> _Data entries_
text \<open>Linear operator from X to X* (graph: single-valued linear subspace of X x X*).\<close>
definition op_XXs :: "('x::complex_normed_vec \<times> ('x \<Rightarrow> complex)) set \<Rightarrow> bool" where
  "op_XXs G \<longleftrightarrow> G \<subseteq> UNIV \<times> cdual
     \<and> (\<forall>x u w. (x, u) \<in> G \<longrightarrow> (x, w) \<in> G \<longrightarrow> u = w)
     \<and> (0, \<lambda>_. 0) \<in> G
     \<and> (\<forall>x u y w. (x, u) \<in> G \<longrightarrow> (y, w) \<in> G \<longrightarrow> (x + y, \<lambda>z. u z + w z) \<in> G)
     \<and> (\<forall>c x u. (x, u) \<in> G \<longrightarrow> (c *\<^sub>C x, \<lambda>z. c * u z) \<in> G)"

definition positive_op :: "('x::complex_normed_vec \<times> ('x \<Rightarrow> complex)) set \<Rightarrow> bool" where
  "positive_op G \<longleftrightarrow> (\<forall>(x, v)\<in>G. 0 \<le> v x)"

definition pos_lower_bound :: "('x::complex_normed_vec \<times> ('x \<Rightarrow> complex)) set \<Rightarrow> bool" where
  "pos_lower_bound G \<longleftrightarrow> (\<exists>\<gamma>>0. \<forall>(x, v)\<in>G. complex_of_real (\<gamma> * (norm x)\<^sup>2) \<le> v x)"

definition cont_on_d :: "('k \<Rightarrow> 'k \<Rightarrow> real) \<Rightarrow> 'k set \<Rightarrow> ('k \<Rightarrow> complex) \<Rightarrow> bool" where
  "cont_on_d d D f \<longleftrightarrow>
     (\<forall>h\<in>D. \<forall>e>0. \<exists>\<delta>>0. \<forall>k\<in>D. d k h < \<delta> \<longrightarrow> cmod (f k - f h) < e)"

definition adjXX :: "('x::complex_normed_vec \<times> ('x \<Rightarrow> complex)) set \<Rightarrow> ('x \<times> ('x \<Rightarrow> complex)) set" where
  "adjXX G = {(y, z). cont_on_d dist (Domain G) (\<lambda>x. aval G x y) \<and> z \<in> cdual
                     \<and> (\<forall>(x, v)\<in>G. cnj (z x) = v y)}"

definition self_adjoint_op :: "('x::complex_normed_vec \<times> ('x \<Rightarrow> complex)) set \<Rightarrow> bool" where
  "self_adjoint_op G \<longleftrightarrow> G = adjXX G"

definition is_hilbert_ip :: "('h::{complex_normed_vec, banach} \<Rightarrow> 'h \<Rightarrow> complex) \<Rightarrow> bool" where
  "is_hilbert_ip ip \<longleftrightarrow>
     (\<forall>x y z. ip (x + y) z = ip x z + ip y z)
   \<and> (\<forall>c x y. ip (c *\<^sub>C x) y = c * ip x y)
   \<and> (\<forall>x y. ip y x = cnj (ip x y))
   \<and> (\<forall>x. ip x x = complex_of_real ((norm x)\<^sup>2))"

definition ip_dist :: "('k::minus \<Rightarrow> 'k \<Rightarrow> complex) \<Rightarrow> 'k \<Rightarrow> 'k \<Rightarrow> real" where
  "ip_dist ip h k = sqrt (Re (ip (h - k) (h - k)))"

definition adjKX :: "('k::minus \<Rightarrow> 'k \<Rightarrow> complex) \<Rightarrow> ('k \<times> ('x::complex_normed_vec \<Rightarrow> complex)) set
                     \<Rightarrow> ('x \<times> 'k) set" where
  "adjKX ip T = {(y, k). cont_on_d (ip_dist ip) (Domain T) (\<lambda>h. aval T h y)
                        \<and> (\<forall>(h, v)\<in>T. ip h k = v y)}"

definition adjXK :: "('k \<Rightarrow> 'k \<Rightarrow> complex) \<Rightarrow> ('x::complex_normed_vec \<times> 'k) set
                     \<Rightarrow> ('k \<times> ('x \<Rightarrow> complex)) set" where
  "adjXK ip S = {(h, z). cont_on_d dist (Domain S) (\<lambda>y. ip (aval S y) h) \<and> z \<in> cdual
                        \<and> (\<forall>(y, k)\<in>S. z y = ip h k)}"

text \<open>(H, ip, iota) is a completion of ran A w.r.t. [Ax, Ay]_A = (Ax, y): iota is a linear
  isometric (inner-product preserving) embedding of ran A with dense range in the
  Hilbert space H.\<close>
definition is_completion_A ::
  "('h::{complex_normed_vec, banach} \<Rightarrow> 'h \<Rightarrow> complex) \<Rightarrow> (('x::complex_normed_vec \<Rightarrow> complex) \<Rightarrow> 'h)
   \<Rightarrow> ('x \<times> ('x \<Rightarrow> complex)) set \<Rightarrow> bool" where
  "is_completion_A ip \<iota> A \<longleftrightarrow> is_hilbert_ip ip
     \<and> (\<forall>u\<in>Range A. \<forall>w\<in>Range A. \<iota> (\<lambda>x. u x + w x) = \<iota> u + \<iota> w)
     \<and> (\<forall>c. \<forall>u\<in>Range A. \<iota> (\<lambda>x. c * u x) = c *\<^sub>C \<iota> u)
     \<and> (\<forall>(x, u)\<in>A. \<forall>(y, w)\<in>A. ip (\<iota> u) (\<iota> w) = u y)
     \<and> closure (\<iota> ` Range A) = UNIV"

definition J_op :: "(('x::complex_normed_vec \<Rightarrow> complex) \<Rightarrow> 'h) \<Rightarrow> ('x \<times> ('x \<Rightarrow> complex)) set
                    \<Rightarrow> ('h \<times> ('x \<Rightarrow> complex)) set" where
  "J_op \<iota> A = {(\<iota> u, u) | u. u \<in> Range A}"

definition form_dom where
  "form_dom ipA \<iota>A A ipB \<iota>B B =
     Domain (adjKX ipA (J_op \<iota>A A)) \<inter> Domain (adjKX ipB (J_op \<iota>B B))"

definition form_t where
  "form_t ipA \<iota>A A ipB \<iota>B B x y =
     ipA (aval (adjKX ipA (J_op \<iota>A A)) x) (aval (adjKX ipA (J_op \<iota>A A)) y)
   + ipB (aval (adjKX ipB (J_op \<iota>B B)) x) (aval (adjKX ipB (J_op \<iota>B B)) y)"

definition form_sum ::
  "('ha::{complex_normed_vec, banach} \<Rightarrow> 'ha \<Rightarrow> complex) \<Rightarrow> (('x::complex_normed_vec \<Rightarrow> complex) \<Rightarrow> 'ha)
   \<Rightarrow> ('x \<times> ('x \<Rightarrow> complex)) set
   \<Rightarrow> ('hb::{complex_normed_vec, banach} \<Rightarrow> 'hb \<Rightarrow> complex) \<Rightarrow> (('x \<Rightarrow> complex) \<Rightarrow> 'hb)
   \<Rightarrow> ('x \<times> ('x \<Rightarrow> complex)) set \<Rightarrow> ('x \<times> ('x \<Rightarrow> complex)) set" where
  "form_sum ipA \<iota>A A ipB \<iota>B B =
     {(x, z). x \<in> form_dom ipA \<iota>A A ipB \<iota>B B
        \<and> cont_on_d dist (form_dom ipA \<iota>A A ipB \<iota>B B) (\<lambda>y. form_t ipA \<iota>A A ipB \<iota>B B x y)
        \<and> z \<in> cdual
        \<and> (\<forall>y\<in>form_dom ipA \<iota>A A ipB \<iota>B B. z y = form_t ipA \<iota>A A ipB \<iota>B B x y)}"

> _WHAT YOU WILL DO_
Within the lines above, find those holding the word "adjXK" and copy them.

> _OUTPUT FOR THIS EXERCISE_
definition adjXK :: "('k \<Rightarrow> 'k \<Rightarrow> complex) \<Rightarrow> ('x::complex_normed_vec \<times> 'k) set
  "adjXK ip S = {(h, z). cont_on_d dist (Domain S) (\<lambda>y. ip (aval S y) h) \<and> z \<in> cdual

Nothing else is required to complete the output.